Feature importance indicates that there is something special about this feature. Let's display a few customers:


In [None]:
pd.set_option('display.max_rows', 100)
va[['customer_ID','rank','rank_pred','D_59']].head(13*3)

Quite interesting! Some customers have `D_59` time correlation (and almost perfect time rank prediction). But there are customers who do not have this behavior as `D_59` acts more like a constant. 

We do know, that `D_59` feature is a delinquency feature. We can assume that `D_59` represents how many credit installments/months a customer has been late to repay on his/her credit card. However, we would see clients with `D_59 = 0` (no delinquencies) - which are not present in the dataset. Maybe the dataset was somehow stratified to only include previously delinquent costumers? There is a lot of room to speculate here.

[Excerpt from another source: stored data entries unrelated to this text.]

(* Let $W:\mathcal{X}\to\mathcal{Y}$ be a channel with $\mathcal{Y}$ finite, let $n\in\mathbb{N}$, $0<\delta\le\sqrt{n}\log|\mathcal{Y}|$, and let $x^n,x'^n\in\mathcal{X}^n$ satisfy $1-\frac12\|W_{x^n}-W_{x'^n}\|_1\le\epsilon$. Then \[ W_{x'^n}(\mathcal{T}^\delta_{x^n})\le 2\exp\!\left(-\delta^2/36K(|\mathcal{Y}|)\right)+\epsilon\left(1+2^{2\delta\sqrt{n}}\,2^{H(W_{x^n})-H(W_{x'^n})}\right). \]
   Context: A channel $W:\mathcal{X}\to\mathcal{Y}$ ($\mathcal{X}$ a measurable space) is a measurable map $x\mapsto W_x\in\mathcal{P}(\mathcal{Y})$; $W_{x^n}(y^n)=\prod_{i=1}^nW_{x_i}(y_i)$. Logarithms and exponentials are base 2. $\|P-Q\|_1=\sum_y|P(y)-Q(y)|$. $H$ denotes Shannon entropy (base 2), so $H(W_{x^n})=\sum_iH(W_{x_i})$. The conditional typical set is $\mathcal{T}^\delta_{x^n}=\{y^n\in\mathcal{Y}^n:|\log W_{x^n}(y^n)+H(W_{x^n})|\le\delta\sqrt{n}\}$, and $K(d)=(\log\max\{d,3\})^2$. *)

theory Defs
  imports "HOL-Analysis.Analysis"
begin

text \<open>A channel from a measurable space X to a finite alphabet 'y:
  x \<mapsto> W x, each W x a probability distribution on 'y, measurable in x.
  (For finite 'y, measurability into P('y) is measurability of each coordinate.)\<close>
definition channel :: "'x measure \<Rightarrow> ('x \<Rightarrow> 'y::finite \<Rightarrow> real) \<Rightarrow> bool" where
  "channel X W \<longleftrightarrow>
     (\<forall>x \<in> space X. (\<forall>y. W x y \<ge> 0) \<and> (\<Sum>y\<in>UNIV. W x y) = 1) \<and>
     (\<forall>y. (\<lambda>x. W x y) \<in> borel_measurable X)"

definition prod_chan :: "('x \<Rightarrow> 'y \<Rightarrow> real) \<Rightarrow> 'x list \<Rightarrow> 'y list \<Rightarrow> real" where
  "prod_chan W xs ys = (\<Prod>i<length xs. W (xs ! i) (ys ! i))"

text \<open>Shannon entropy in base 2 (0 log 0 = 0, automatic since log 2 0 = 0 in Isabelle).\<close>
definition entropy2 :: "('y::finite \<Rightarrow> real) \<Rightarrow> real" where
  "entropy2 P = - (\<Sum>y\<in>UNIV. P y * log 2 (P y))"

definition entropy_prod :: "('x \<Rightarrow> 'y::finite \<Rightarrow> real) \<Rightarrow> 'x list \<Rightarrow> real" where
  "entropy_prod W xs = (\<Sum>i<length xs. entropy2 (W (xs ! i)))"

text \<open>Conditional typical set; sequences of probability zero have log W = -infinity
  and hence are never typical.\<close>
definition typical_set :: "('x \<Rightarrow> 'y::finite \<Rightarrow> real) \<Rightarrow> real \<Rightarrow> 'x list \<Rightarrow> 'y list set" where
  "typical_set W \<delta> xs = {ys. length ys = length xs \<and> prod_chan W xs ys > 0 \<and>
      \<bar>log 2 (prod_chan W xs ys) + entropy_prod W xs\<bar> \<le> \<delta> * sqrt (real (length xs))}"

definition l1_dist_prod :: "('x \<Rightarrow> 'y::finite \<Rightarrow> real) \<Rightarrow> 'x list \<Rightarrow> 'x list \<Rightarrow> real" where
  "l1_dist_prod W xs xs' =
     (\<Sum>ys\<in>{ys. length ys = length xs}. \<bar>prod_chan W xs ys - prod_chan W xs' ys\<bar>)"

definition Kfun :: "real \<Rightarrow> real" where
  "Kfun d = (log 2 (max d 3))\<^sup>2"

end

theory Submission
  imports Defs
begin

(* On the typical set of x^n one has W_{x^n}(y^n) >= 2^(-H(W_{x^n}) - t), where t = delta sqrt n.
   Split the typical y^n at the threshold theta = 2^(t - H(W_{x'^n})). Below theta,
   W_{x'^n}(y^n) <= c W_{x^n}(y^n) with c = 2^(2t) 2^(H(W_{x^n}) - H(W_{x'^n})), so W_{x'^n}(y^n) is at
   most (1 + c) min(W_{x^n}(y^n), W_{x'^n}(y^n)), and these minima sum to
   1 - ||W_{x^n} - W_{x'^n}||_1 / 2 <= epsilon.
   Above theta, a Chernoff bound with exponent l >= 0 controls the mass by
   theta^(-l) prod_i sum_y W_{x'_i}(y)^(1+l). The second order Taylor bound for exp on (-inf, 0]
   and the estimate sum_y q ln^2 q <= 18 ln 2 K(|Y|) bound each factor by
   exp(-l ln 2 H(W_{x'_i}) + 9 l^2 ln 2 K(|Y|)); optimising l gives 2^(-delta^2 / 36 K(|Y|)). *)

lemma exp_le_second_order_Taylor:
  fixes x :: real
  assumes "x \<le> 0"
  shows "exp x \<le> 1 + x + x\<^sup>2 / 2"
proof -
  obtain t where "exp x = (\<Sum>m<3. x ^ m / fact m) + exp t / fact 3 * x ^ 3"
    using Maclaurin_exp_le [of x 3] by blast
  also have "\<dots> = 1 + x + x\<^sup>2 / 2 + exp t / 6 * x ^ 3"
    by (simp add: numeral_3_eq_3 power2_eq_square fact_numeral)
  also have "exp t / 6 * x ^ 3 \<le> 0"
    using assms by (intro mult_nonneg_nonpos) (auto simp: power_le_zero_eq)
  finally show ?thesis by simp
qed

lemma mult_ln_squared_le_sqrt:
  fixes x :: real
  assumes "0 < x" "x \<le> 1"
  shows "x * (ln x)\<^sup>2 \<le> 16 * sqrt x"
proof -
  have "- ln x = ln (1 / x)" using assms by (simp add: ln_div)
  also have "\<dots> \<le> (1 / x) powr (1 / 4) / (1 / 4)"
    using assms by (intro ln_powr_bound) auto
  finally have "- ln x \<le> 4 * (1 / x) powr (1 / 4)" by simp
  moreover have "0 \<le> - ln x" using assms by simp
  ultimately have "(- ln x)\<^sup>2 \<le> (4 * (1 / x) powr (1 / 4))\<^sup>2"
    by (rule power_mono)
  also have "\<dots> = 16 * (1 / x) powr (1 / 2)"
    using assms by (simp add: power_mult_distrib powr_power)
  also have "\<dots> = 16 / sqrt x"
    using assms by (simp add: powr_half_sqrt real_sqrt_divide)
  finally have "(ln x)\<^sup>2 \<le> 16 / sqrt x" by simp
  then have "x * (ln x)\<^sup>2 \<le> x * (16 / sqrt x)"
    using assms by (intro mult_left_mono) auto
  also have "x * (16 / sqrt x) = 16 * sqrt x"
    using assms by (simp add: field_simps flip: real_sqrt_mult)
  finally show ?thesis .
qed

lemma mult_ln_squared_le:
  fixes x D :: real
  assumes "0 \<le> x" "x \<le> 1" "1 \<le> D"
  shows "x * (ln x)\<^sup>2 \<le> 4 * (ln D)\<^sup>2 * x + 16 / D"
proof (cases "1 / D\<^sup>2 \<le> x")
  case True
  moreover have "0 < 1 / D\<^sup>2" using assms(3) by simp
  ultimately have "0 < x" by linarith
  have "- 2 * ln D = ln (1 / D\<^sup>2)" using assms(3) by (simp add: ln_div ln_realpow)
  also have "\<dots> \<le> ln x" using True \<open>0 < x\<close> assms(3) by simp
  finally have "(- ln x)\<^sup>2 \<le> (2 * ln D)\<^sup>2"
    using \<open>0 < x\<close> assms(2) by (intro power_mono) auto
  then have "x * (ln x)\<^sup>2 \<le> x * (4 * (ln D)\<^sup>2)"
    using assms(1) by (intro mult_left_mono) (auto simp: power_mult_distrib)
  moreover have "0 \<le> 16 / D" using assms(3) by simp
  ultimately show ?thesis by (simp add: mult.commute add_increasing2)
next
  case False
  show ?thesis
  proof (cases "x = 0")
    case False
    then have "x * (ln x)\<^sup>2 \<le> 16 * sqrt x"
      using assms by (intro mult_ln_squared_le_sqrt) auto
    also have "sqrt x \<le> sqrt (1 / D\<^sup>2)"
      using \<open>\<not> 1 / D\<^sup>2 \<le> x\<close> by simp
    also have "sqrt (1 / D\<^sup>2) = 1 / D"
      using assms(3) by (simp add: real_sqrt_divide)
    finally show ?thesis using assms by (simp add: add_increasing)
  qed (use assms(3) in simp)
qed

lemma sum_mult_ln_squared_le:
  fixes q :: "'y::finite \<Rightarrow> real"
  assumes nonneg: "\<And>y. 0 \<le> q y" and sum_one: "sum q UNIV = 1"
  shows "(\<Sum>y\<in>UNIV. q y * (ln (q y))\<^sup>2) \<le> 18 * ln 2 * Kfun (real CARD('y))"
proof -
  define D where "D = max (real CARD('y)) 3"
  have "3 \<le> D" "real CARD('y) \<le> D" by (auto simp: D_def)
  have "exp 1 \<le> D" using exp_le \<open>3 \<le> D\<close> by linarith
  then have "ln (exp 1) \<le> ln D" using \<open>3 \<le> D\<close> by (subst ln_le_cancel_iff) auto
  then have "1 \<le> ln D" by simp
  have "q y \<le> 1" for y
    using member_le_sum[of y UNIV q] nonneg sum_one by auto
  then have "(\<Sum>y\<in>UNIV. q y * (ln (q y))\<^sup>2) \<le> (\<Sum>y\<in>UNIV. 4 * (ln D)\<^sup>2 * q y + 16 / D)"
    using nonneg \<open>3 \<le> D\<close> by (intro sum_mono mult_ln_squared_le) auto
  also have "\<dots> = 4 * (ln D)\<^sup>2 + 16 * (real CARD('y) / D)"
    by (simp add: sum.distrib sum_one flip: sum_distrib_left)
  also have "\<dots> \<le> 4 * (ln D)\<^sup>2 + 16 * (ln D)\<^sup>2"
  proof -
    have "real CARD('y) / D \<le> 1" using \<open>real CARD('y) \<le> D\<close> \<open>3 \<le> D\<close> by simp
    also have "1 \<le> (ln D)\<^sup>2" using \<open>1 \<le> ln D\<close> by (simp add: one_le_power)
    finally show ?thesis by simp
  qed
  also have "\<dots> \<le> 18 / ln 2 * (ln D)\<^sup>2"
  proof -
    have "20 * ln 2 \<le> (18::real)" using ln2_le_25_over_36 by simp
    then have "20 \<le> 18 / ln (2::real)" by (simp add: le_divide_eq)
    then have "20 * (ln D)\<^sup>2 \<le> 18 / ln 2 * (ln D)\<^sup>2" by (intro mult_right_mono) auto
    then show ?thesis by simp
  qed
  also have "\<dots> = 18 * ln 2 * (ln D / ln 2)\<^sup>2"
    by (simp add: power2_eq_square)
  also have "\<dots> = 18 * ln 2 * Kfun (real CARD('y))"
    by (simp add: Kfun_def D_def log_def)
  finally show ?thesis .
qed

There are 2 clear segments (`D_59` correlates / does not correlate with time) - this opens the opportunity to analyze these segments individually.

# Client segmentation

In [None]:
#create arbitrary segments based on min/max of D_59
gg = va.loc[va.D_59!=-1].groupby('customer_ID')['D_59'].agg(('max','min')).reset_index()
s1 = gg.loc[gg['max']-gg['min']>9].reset_index(drop=True)
s2 = gg.loc[gg['max']-gg['min']<=9].reset_index(drop=True)

s1.shape, s2.shape

Let's see how the model confusion matrix looks like for these 2 segments separatelly.

### segment with temporal `D_59`:

In [None]:
seg = va.loc[va.customer_ID.isin(s1.customer_ID)]
cm = confusion_matrix(seg['rank'],seg['rank_pred'],normalize='true')
cmp = ConfusionMatrixDisplay(cm)
fig, ax = plt.subplots(figsize=(10,10))
cmp.plot(ax=ax)

### segment without temporal `D_59`:

In [None]:
seg = va.loc[va.customer_ID.isin(s2.customer_ID)]
cm = confusion_matrix(seg['rank'],seg['rank_pred'],normalize='true')
cmp = ConfusionMatrixDisplay(cm)
fig, ax = plt.subplots(figsize=(10,10))
cmp.plot(ax=ax)

As expected, our model accuracy is 2-3x better for the segment showing temporal `D_59` behavior.

# End notes

There is a potential to segment clients based on their delinquency status. However, it is not clear if doing so gives any advantage in overall default risk modelling.